The aim of this research was therefore to use an environmental niche modelling approach to determine agricultural suitability of cocoyam under current and projected climatic conditions in Zimbabwe. Understanding agricultural suitability and potential productivity of crops such as cocoyam is important for many scientific applications and policy decisions. The development of niche-based models has enabled many applications to predict geographic outcomes from environmental data including in determining agricultural suitability (Heumann et al. 2011). In this case, suitability is defined as the ability of an area to sustain the production cycle from planting to harvesting as well as achieving required quality at prevailing production costs. The specific objectives are (i) to establish the edaphic and bio-climatic factors that determine suitability for cocoyam production, (ii) determine suitable areas for cocoyam production under current and future climate change in Zimbabwe, (iii) identify the suitability change hotspots for cocoyam under climate change and (iv) evaluate the potential of adaption measures to buffer losses in suitability. This is important in identifying potential production areas, increasing production areas for cocoyam from identified potential areas and ensuring resilience of the orphan crop production.

2 Data and methods

2.1 Crop location data

The crop location data for cocoyam were obtained from field points from production areas produced by public extension services, the Agricultural and Technical Extension Services (AGRITEX) in 2014/2015 season. AGRITEX is the mandated organization under the Ministry of Agriculture (MoA) for collection and reporting of agricultural production data in Zimbabwe. These are based on production reports from a network of field extension staff across the country and mark a place to have the crop, if an extension worker in a Ward (the smallest geographical operational area of an extension worker) reports its presence and hectarage. The maps were geo-referenced, with points created to mark the centre of the reported production area. The distribution of the points is shown in Fig. 1.

Fig. 1
figure 1

Maps showing the location of the sampling points that were used in modelling the suitability of cocoyam in Zimbabwe. The background map shows the altitude in meters above sea level (m.a.s.l)

2.2 Environmental variables

Climatic, soil and topographic variables were used in modelling the suitability of cocoyam in Zimbabwe. Bioclimatic variables used in the study were obtained from the WorldClim database (http://www.worldclim.org) (Hijmans et al. 2005). A total of 19 bioclimatic variables produced from analysis of trends of monthly values of precipitation and temperature throughout the year to produce agronomically and ecologically useful variables for primary production are available from the database. However, some of these variables are collinear and therefore cannot be used in the same model.
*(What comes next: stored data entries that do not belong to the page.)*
definition finite_index :: "(int ^ 'd) set \<Rightarrow> bool" where
  "finite_index \<Gamma> \<longleftrightarrow> subgroup \<Gamma> Zd \<and> finite (rcosets\<^bsub>Zd\<^esub> \<Gamma>)"

text \<open>Cocycle of tau_Gamma: h composed with the projection Z^d -> Z^d/Gamma.\<close>
definition quot_cocycle :: "(int ^ 'd) set \<Rightarrow> ('s \<Rightarrow> 's \<Rightarrow> int ^ 'd) \<Rightarrow> 's \<Rightarrow> 's \<Rightarrow> (int ^ 'd) set" where
  "quot_cocycle \<Gamma> hh = (\<lambda>a b. \<Gamma> #>\<^bsub>Zd\<^esub> hh a b)"

definition ftp :: "'s set \<Rightarrow> ('s \<Rightarrow> 's \<Rightarrow> bool) \<Rightarrow> ('s \<Rightarrow> 's \<Rightarrow> int ^ 'd) \<Rightarrow> bool" where
  "ftp S C hh \<longleftrightarrow> (\<forall>\<Gamma>. finite_index \<Gamma> \<longrightarrow>
      skew_transitive S C (Zd Mod \<Gamma>) (quot_cocycle \<Gamma> hh))"

end

theory Submission
  imports Defs
begin

text \<open>
  The algebra of \<open>\<int>\<^sup>d\<close> enters through two facts.  First, a nonempty subsemigroup of \<open>\<int>\<^sup>d\<close>
  that is stable under translation by a finite-index subgroup \<open>\<Gamma>\<close> is a subgroup (some positive
  multiple of each element lies in \<open>\<Gamma>\<close>).  Second, every subgroup \<open>H\<close> of \<open>\<int>\<^sup>d\<close> is closed in the
  congruence topology: a vector congruent to an element of \<open>H\<close> modulo every \<open>m > 0\<close> lies in \<open>H\<close>
  (induction on the coordinates, pivoting on a generator of each coordinate ideal).  Hence a
  proper subgroup lies in the proper finite-index subgroup \<open>H + m\<int>\<^sup>d\<close> for some \<open>m\<close>.

  On the dynamical side, weighted walks in the transition graph are concatenated by gluing
  orbits; closed walks of positive length realise exactly the displacements.  For (b) \<Rightarrow> (a),
  closed walks through a vertex realise every class of \<open>\<int>\<^sup>d/\<Gamma>\<close>, so two cylinders can be joined
  by an orbit with any prescribed \<open>\<Gamma>\<close>-displacement.  For (a) \<Rightarrow> (b), if the displacements lie in
  a proper finite-index \<open>\<Gamma>\<close>, the cocycle is a coboundary modulo \<open>\<Gamma>\<close>, so the skew product modulo
  \<open>\<Gamma>\<close> preserves the graph of the transfer function and cannot be transitive.  (b) \<Leftrightarrow> (c) uses
  the two algebraic facts directly.
\<close>

section \<open>The group \<open>\<int>\<^sup>d\<close>, its subgroups and cosets\<close>

lemma Zd_simps [simp]: "carrier Zd = UNIV" "monoid.mult Zd = (+)" "one Zd = 0"
  by (simp_all add: Zd_def)

lemma Zd_comm_group: "comm_group Zd"
  by (rule comm_groupI) (auto simp: Zd_def intro: exI[of _ "- _"])

lemma Zd_group: "group Zd"
  using Zd_comm_group comm_group.axioms(2) by blast

lemma Zd_inv [simp]: "inv\<^bsub>Zd\<^esub> x = - x"
  by (rule group.inv_equality[OF Zd_group]) auto

lemma subgroup_Zd_zero: "subgroup \<Gamma> Zd \<Longrightarrow> 0 \<in> \<Gamma>"
  using subgroup.one_closed by fastforce

lemma subgroup_Zd_add: "subgroup \<Gamma> Zd \<Longrightarrow> a \<in> \<Gamma> \<Longrightarrow> b \<in> \<Gamma> \<Longrightarrow> a + b \<in> \<Gamma>"
  using subgroup.m_closed by fastforce

lemma subgroup_Zd_neg: "subgroup \<Gamma> Zd \<Longrightarrow> a \<in> \<Gamma> \<Longrightarrow> - a \<in> \<Gamma>"
  using subgroup.m_inv_closed by fastforce

lemma subgroup_Zd_diff: "subgroup \<Gamma> Zd \<Longrightarrow> a \<in> \<Gamma> \<Longrightarrow> b \<in> \<Gamma> \<Longrightarrow> a - b \<in> \<Gamma>"
  by (metis subgroup_Zd_add subgroup_Zd_neg diff_conv_add_uminus)

lemma subgroup_ZdI:
  "0 \<in> H \<Longrightarrow> (\<And>a b. a \<in> H \<Longrightarrow> b \<in> H \<Longrightarrow> a + b \<in> H) \<Longrightarrow> (\<And>a. a \<in> H \<Longrightarrow> - a \<in> H)
   \<Longrightarrow> subgroup H Zd"
  by (rule subgroup.intro) auto

lemma subgroup_Zd_smult:
  assumes sg: "subgroup \<Gamma> Zd" and x: "x \<in> \<Gamma>"
  shows "(c::int) *s x \<in> \<Gamma>"
proof -
  have nat_mult: "int n *s x \<in> \<Gamma>" for n
  proof (induction n)
    case 0
    then show ?case using subgroup_Zd_zero[OF sg] by simp
  next
    case (Suc n)
    have "int (Suc n) *s x = int n *s x + x" by (simp add: vector_sadd_rdistrib)
    then show ?case using Suc subgroup_Zd_add[OF sg] x by metis
  qed
  show ?thesis
  proof (cases "0 \<le> c")
    case True
    then show ?thesis using nat_mult[of "nat c"] by simp
  next
    case False
    then have "- (int (nat (- c)) *s x) \<in> \<Gamma>" using subgroup_Zd_neg[OF sg nat_mult] by blast
    then show ?thesis using False by (simp add: vector_smult_lneg)
  qed
qed

lemma coset_Zd: "\<Gamma> #>\<^bsub>Zd\<^esub> a = (\<lambda>g. g + a) ` \<Gamma>"
  by (auto simp: r_coset_def)
section \<open>Symmetry of the Hessian\<close>

lemma has_real_derivative_along_line:
  fixes f :: "real^'n \<Rightarrow> real"
  assumes grad: "\<And>x. (f has_derivative (\<lambda>h. g x \<bullet> h)) (at x)"
  shows "((\<lambda>t. f (p + t *\<^sub>R w)) has_real_derivative (g (p + t *\<^sub>R w) \<bullet> w)) (at t)"
proof -
  have "((\<lambda>t. p + t *\<^sub>R w) has_derivative (\<lambda>h. h *\<^sub>R w)) (at t)"
    by (auto intro!: derivative_eq_intros)
  from has_derivative_compose[OF this grad]
  show ?thesis
    unfolding has_field_derivative_def by (rule has_derivative_eq_rhs) (simp add: fun_eq_iff)
qed

lemma inner_has_real_derivative_along_line:
  fixes g :: "real^'n \<Rightarrow> real^'n"
  assumes hess: "\<And>x. (g has_derivative (\<lambda>h. H x *v h)) (at x)"
  shows "((\<lambda>t. a \<bullet> g (p + t *\<^sub>R w)) has_real_derivative (a \<bullet> (H (p + t *\<^sub>R w) *v w))) (at t)"
proof -
  have "((\<lambda>t. p + t *\<^sub>R w) has_derivative (\<lambda>h. h *\<^sub>R w)) (at t)"
    by (auto intro!: derivative_eq_intros)
  from bounded_linear.has_derivative[OF bounded_linear_inner_right has_derivative_compose[OF this hess]]
  show ?thesis
    unfolding has_field_derivative_def
    by (rule has_derivative_eq_rhs) (simp add: fun_eq_iff matrix_vector_mult_scaleR)
qed

lemma second_difference_mean_value:
  fixes f :: "real^'n \<Rightarrow> real"
  assumes grad: "\<And>x. (f has_derivative (\<lambda>h. g x \<bullet> h)) (at x)" and s: "0 < s"
  obtains \<tau> where "0 < \<tau>" "\<tau> < s"
    "f (x + s *\<^sub>R u + s *\<^sub>R w) - f (x + s *\<^sub>R u) - f (x + s *\<^sub>R w) + f x
       = s * ((g (x + s *\<^sub>R u + \<tau> *\<^sub>R w) - g (x + \<tau> *\<^sub>R w)) \<bullet> w)"
proof -
  define \<phi> where "\<phi> t = f (x + s *\<^sub>R u + t *\<^sub>R w) - f (x + t *\<^sub>R w)" for t
  have "(\<phi> has_real_derivative ((g (x + s *\<^sub>R u + t *\<^sub>R w) - g (x + t *\<^sub>R w)) \<bullet> w)) (at t)" for t
    unfolding \<phi>_def inner_diff_left by (intro DERIV_diff has_real_derivative_along_line[OF grad])
  from MVT2[of 0 s \<phi>, OF s this] obtain \<tau> where "0 < \<tau>" "\<tau> < s"
    "\<phi> s - \<phi> 0 = (s - 0) * ((g (x + s *\<^sub>R u + \<tau> *\<^sub>R w) - g (x + \<tau> *\<^sub>R w)) \<bullet> w)"
    by blast
  then show thesis
    by (intro that) (auto simp: \<phi>_def)
qed

lemma gradient_difference_estimate:
  fixes g :: "real^'n \<Rightarrow> real^'n"
  assumes rem: "\<And>y. norm (y - x) < d \<Longrightarrow> norm (g y - g x - H x *v (y - x)) \<le> e * norm (y - x)"
    and e: "0 \<le> e" and \<tau>: "0 < \<tau>" "\<tau> < s" and d: "s * (norm u + norm w) < d"
  shows "norm (g (x + s *\<^sub>R u + \<tau> *\<^sub>R w) - g (x + \<tau> *\<^sub>R w) - s *\<^sub>R (H x *v u))
           \<le> e * s * (norm u + 2 * norm w)"
proof -
  define y1 y2 where "y1 = x + s *\<^sub>R u + \<tau> *\<^sub>R w" and "y2 = x + \<tau> *\<^sub>R w"
  have \<tau>w: "\<tau> * norm w \<le> s * norm w"
    using \<tau> by (intro mult_right_mono) auto
  have n1: "norm (y1 - x) \<le> s * norm u + \<tau> * norm w"
    using norm_triangle_ineq[of "s *\<^sub>R u" "\<tau> *\<^sub>R w"] \<tau> by (simp add: y1_def)
  have n2: "norm (y2 - x) = \<tau> * norm w"
    using \<tau> by (simp add: y2_def)
  have "g y1 - g y2 - s *\<^sub>R (H x *v u)
      = (g y1 - g x - H x *v (y1 - x)) - (g y2 - g x - H x *v (y2 - x))"
    by (simp add: y1_def y2_def algebra_simps)
  also have "norm \<dots> \<le> e * norm (y1 - x) + e * norm (y2 - x)"
    using rem[of y1] rem[of y2] n1 n2 \<tau>w d \<tau>
      norm_triangle_ineq4[of "g y1 - g x - H x *v (y1 - x)" "g y2 - g x - H x *v (y2 - x)"]
    by (smt (verit, best) distrib_left mult_nonneg_nonneg norm_ge_zero)
  also have "\<dots> \<le> e * (s * norm u + \<tau> * norm w) + e * (\<tau> * norm w)"
    using n1 n2 e by (intro add_mono mult_left_mono) auto
  also have "\<dots> \<le> e * s * (norm u + 2 * norm w)"
    using mult_left_mono[OF \<tau>w e] by (simp add: algebra_simps)
  finally show ?thesis
    by (simp add: y1_def y2_def)
qed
A variable selection routine using the variation inflation factor (VIF) was therefore implemented where in cases where the VIF was above 10, only one agronomically deemed important variable was retained based on the long-season nature of the crop. Six bioclimatic layers were finally used because they were independent and are related to the major climatic factors that determine perennial crop production (Table 1). The bioclimatic variables used were annual mean temperature (Bio1), temperature seasonality (Bio4), mean temperature of the wettest month (Bio8), total annual precipitation (Bio12), precipitation seasonality (Bio15) and precipitation of wettest quarter (Bio16). These climatic layers were available in 1km2 grids and are interpolated from weather station recordings.

Table 1 Description, units and

Soil type was also added to the modelling as an important agronomic variable. The soils data were derived from two 1:100,000 scale soil map of Zimbabwe obtained from the Surveyor General’s Department based on detailed description of the soils of Zimbabwe by Nyamapfene (1991). The soils of Zimbabwe are divided into 8 groups which are lithosol, regosol; vertisol, siallitic, fersiallitic, paraferrallitic, orthoferrallitic and sodic (Supplementary Information 1). The digital elevation model (DEM) was used to derive elevation data for the whole country. The DEM was obtained from global USGS (GTOPO30) global dataset at 1 km resolution. We did not include socio-cultural predictors such as population density or settlements in our modelling because we assumed that although there is a specific current production area for cocoyam in Zimbabwe, the crop has a national potential and as such all available suitable areas can be used to produce the crop (except protected areas and urban areas where this is not possible).

2.3 Modelling approach

Bio-climatic envelope models are a set of tools that are used to determine the potential distribution of species based on a set of known occurrences and climatic data (Austin 2007; Elith et al. 2011). Crop suitability is a measure of the biophysical characteristics of an area to meet crop production requirements at current or expected production levels (Chemura et al. 2020a; Srinivasan et al. 2019). These models are used for agricultural crops based on the understanding the greater share of major crop production is still influenced by natural climatic factors in many countries. Crop suitability models have been applied in modelling agricultural crops such as cassava (Heumann et al. 2011; Jarvis et al. 2012), maize (Estes et al. 2013; Holzkämper et al. 2013; Nabout et al. 2012), sorghum (Evangelista et al. 2013), common beans (Ramirez-Cabral et al. 2016; Taba-Morales et al. 2020) cocoyam among many other crops (Beck 2013). The outputs of crop suitability models include maps and therefore they are important in identifying climate change impact hotspots that require adaptation measures.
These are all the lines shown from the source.